Saved data entries
lemma wf_amod_orig_dest:
  assumes "wf_amod Z" and "k \<in> classes Z"
  shows "orig Z k \<in> stations Z" and "dest Z k \<in> stations Z"
  using assms unfolding wf_amod_def by auto

lemma route_into_station:
  assumes "\<forall>k\<in>classes Z. \<forall>i\<in>queues Z. \<forall>j\<in>stations Z. alpha k i j = 0"
    and "i \<in> stations Z" and "j \<in> queues Z" and "k' \<in> classes Z"
  shows "route Z lamR alpha j k' i k =
     (if dest Z k' = i \<and> child Z j = parent Z i \<and> k \<in> Ocl Z i then p_tilde Z lamR k i else 0)"
  using assms unfolding route_def Wset_def queues_def by auto

lemma route_to_dest:
  assumes "dest Z k \<in> queues Z"
  shows "route Z lamR alpha j k (dest Z k) k' =
     (if child Z j = parent Z (dest Z k) \<and> k' \<in> Ocl Z (dest Z k) then p_tilde Z lamR k' (dest Z k) else 0)"
  using assms unfolding route_def Wset_def by auto

lemma sum_p_tilde_origin:
  "(\<Sum>k\<in>Ocl Z i. p_tilde Z lamR k i) = (if lam_tilde Z lamR i = 0 then 0 else 1)"
  unfolding p_tilde_def lam_tilde_def by (simp add: sum_divide_distrib[symmetric])
lemma M1_neq_M2: "M1 \<noteq> M2"
proof
  assume "M1 = M2"
  then have "Poly_Mapping.lookup M1 (k, j) = Poly_Mapping.lookup M2 (k, j)"
    by simp
  with bounds show False
    by (simp add: lookup_add lookup_mvar)
qed

lemma M_mons: "M1 \<in> mons P" "M2 \<in> mons P"
  by (simp_all add: grid_vertices)

lemma lead_mons_if_not_coprime:
  assumes "\<not> coprime_mon (lead_mon lt (fmin (i, j) (k, l) :: 'k::comm_ring_1 pol))
    (lead_mon lt (fmin (i, n) (m, l) :: 'k pol))"
  shows "lead_mon lt (fmin (i, j) (k, l) :: 'k pol) = mvar (i, l) + mvar (k, j)"
    and "lead_mon lt (fmin (i, n) (m, l) :: 'k pol) = mvar (i, l) + mvar (m, n)"
proof -
  have keys: "Poly_Mapping.keys (fmin (i, j) (k, l) :: 'k pol) = {mvar (i, j) + mvar (k, l), mvar (i, l) + mvar (k, j)}"
    "Poly_Mapping.keys (fmin (i, n) (m, l) :: 'k pol) = {mvar (i, n) + mvar (m, l), mvar (i, l) + mvar (m, n)}"
    using bounds by (simp_all add: keys_fmin)
  then have "fmin (i, j) (k, l) \<noteq> (0 :: 'k pol)" "fmin (i, n) (m, l) \<noteq> (0 :: 'k pol)"
    by auto
  then have leads: "lead_mon lt (fmin (i, j) (k, l) :: 'k pol) \<in> Poly_Mapping.keys (fmin (i, j) (k, l) :: 'k pol)"
    "lead_mon lt (fmin (i, n) (m, l) :: 'k pol) \<in> Poly_Mapping.keys (fmin (i, n) (m, l) :: 'k pol)"
    using lead_mon_greatest(1)[OF order in_S_fmin] inner_subintervals(5) inner by blast+
  \<comment> \<open>the diagonal monomial of either minor shares no variable with the other minor\<close>
  have "coprime_mon (mvar (i, j) + mvar (k, l)) Y"
    if "Y \<in> {mvar (i, n) + mvar (m, l), mvar (i, l) + mvar (m, n)}" for Y
    using that bounds by (auto simp: coprime_mon_def lookup_add lookup_mvar)
  moreover have "coprime_mon X (mvar (i, n) + mvar (m, l))"
    if "X \<in> {mvar (i, j) + mvar (k, l), mvar (i, l) + mvar (k, j)}" for X
    using that bounds by (auto simp: coprime_mon_def lookup_add lookup_mvar)
  ultimately show "lead_mon lt (fmin (i, j) (k, l) :: 'k pol) = mvar (i, l) + mvar (k, j)"
    "lead_mon lt (fmin (i, n) (m, l) :: 'k pol) = mvar (i, l) + mvar (m, n)"
    using assms leads unfolding keys by auto
qed

lemma spoly_eq:
  assumes "lead_mon lt (fmin (i, j) (k, l) :: 'k::field pol) = mvar (i, l) + mvar (k, j)"
    and "lead_mon lt (fmin (i, n) (m, l) :: 'k pol) = mvar (i, l) + mvar (m, n)"
  shows "spoly lt (fmin (i, j) (k, l)) (fmin (i, n) (m, l)) =
    Poly_Mapping.single M1 1 - Poly_Mapping.single M2 (1 :: 'k)"
proof -
  have coeffs: "lead_coeff lt (fmin (i, j) (k, l) :: 'k pol) = -1" "lead_coeff lt (fmin (i, n) (m, l) :: 'k pol) = -1"
    using assms bounds by (auto intro: lead_coeff_fmin_antidiagonal)
  have "mon_lcm (mvar (i, l) + mvar (k, j)) (mvar (i, l) + mvar (m, n)) = mvar (i, l) + mvar (k, j) + mvar (m, n)"
  proof -
    have "(\<lambda>v. max (Poly_Mapping.lookup (mvar (i, l) + mvar (k, j)) v) (Poly_Mapping.lookup (mvar (i, l) + mvar (m, n)) v))
        = Poly_Mapping.lookup (mvar (i, l) + mvar (k, j) + mvar (m, n))"
      using bounds by (auto simp: lookup_add lookup_mvar fun_eq_iff)
    then show ?thesis
      unfolding mon_lcm_def by (simp add: lookup_inverse)
  qed
  moreover have "mvar (i, l) + mvar (k, j) + mvar (m, n) - (mvar (i, l) + mvar (m, n)) = mvar (k, j)"
    by (metis add.commute add.left_commute add_diff_cancel_left')
  ultimately show ?thesis
    unfolding spoly_def Let_def assms coeffs
    by (simp add: fmin_eq algebra_simps mult_single single_uminus)
qed

lemma lead_mon_spoly:
  "lex_less lt M1 M2 \<Longrightarrow> lead_mon lt (Poly_Mapping.single M1 1 - Poly_Mapping.single M2 (1::'k::comm_ring_1)) = M2"
  "lex_less lt M2 M1 \<Longrightarrow> lead_mon lt (Poly_Mapping.single M1 1 - Poly_Mapping.single M2 (1::'k)) = M1"
proof -
  assume "lex_less lt M1 M2"
  then have "lead_mon lt (Poly_Mapping.single M2 1 - Poly_Mapping.single M1 (1::'k)) = M2"
    by (rule lead_mon_binomial[OF order M_mons(2,1)])
  then show "lead_mon lt (Poly_Mapping.single M1 1 - Poly_Mapping.single M2 (1::'k)) = M2"
    by (metis lead_mon_uminus minus_diff_eq)
next
  assume "lex_less lt M2 M1"
  then show "lead_mon lt (Poly_Mapping.single M1 1 - Poly_Mapping.single M2 (1::'k)) = M1"
    using lead_mon_binomial[OF order M_mons] by blast
qed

THE TASK:
Repeat only what lies between the first line of the data and the line containing "unfolding p_tilde_def lam_tilde_def", both of those lines included, exactly as it stands.

YOUR SOLUTION:
lemma wf_amod_orig_dest:
  assumes "wf_amod Z" and "k \<in> classes Z"
  shows "orig Z k \<in> stations Z" and "dest Z k \<in> stations Z"
  using assms unfolding wf_amod_def by auto

lemma route_into_station:
  assumes "\<forall>k\<in>classes Z. \<forall>i\<in>queues Z. \<forall>j\<in>stations Z. alpha k i j = 0"
    and "i \<in> stations Z" and "j \<in> queues Z" and "k' \<in> classes Z"
  shows "route Z lamR alpha j k' i k =
     (if dest Z k' = i \<and> child Z j = parent Z i \<and> k \<in> Ocl Z i then p_tilde Z lamR k i else 0)"
  using assms unfolding route_def Wset_def queues_def by auto

lemma route_to_dest:
  assumes "dest Z k \<in> queues Z"
  shows "route Z lamR alpha j k (dest Z k) k' =
     (if child Z j = parent Z (dest Z k) \<and> k' \<in> Ocl Z (dest Z k) then p_tilde Z lamR k' (dest Z k) else 0)"
  using assms unfolding route_def Wset_def by auto

lemma sum_p_tilde_origin:
  "(\<Sum>k\<in>Ocl Z i. p_tilde Z lamR k i) = (if lam_tilde Z lamR i = 0 then 0 else 1)"
  unfolding p_tilde_def lam_tilde_def by (simp add: sum_divide_distrib[symmetric])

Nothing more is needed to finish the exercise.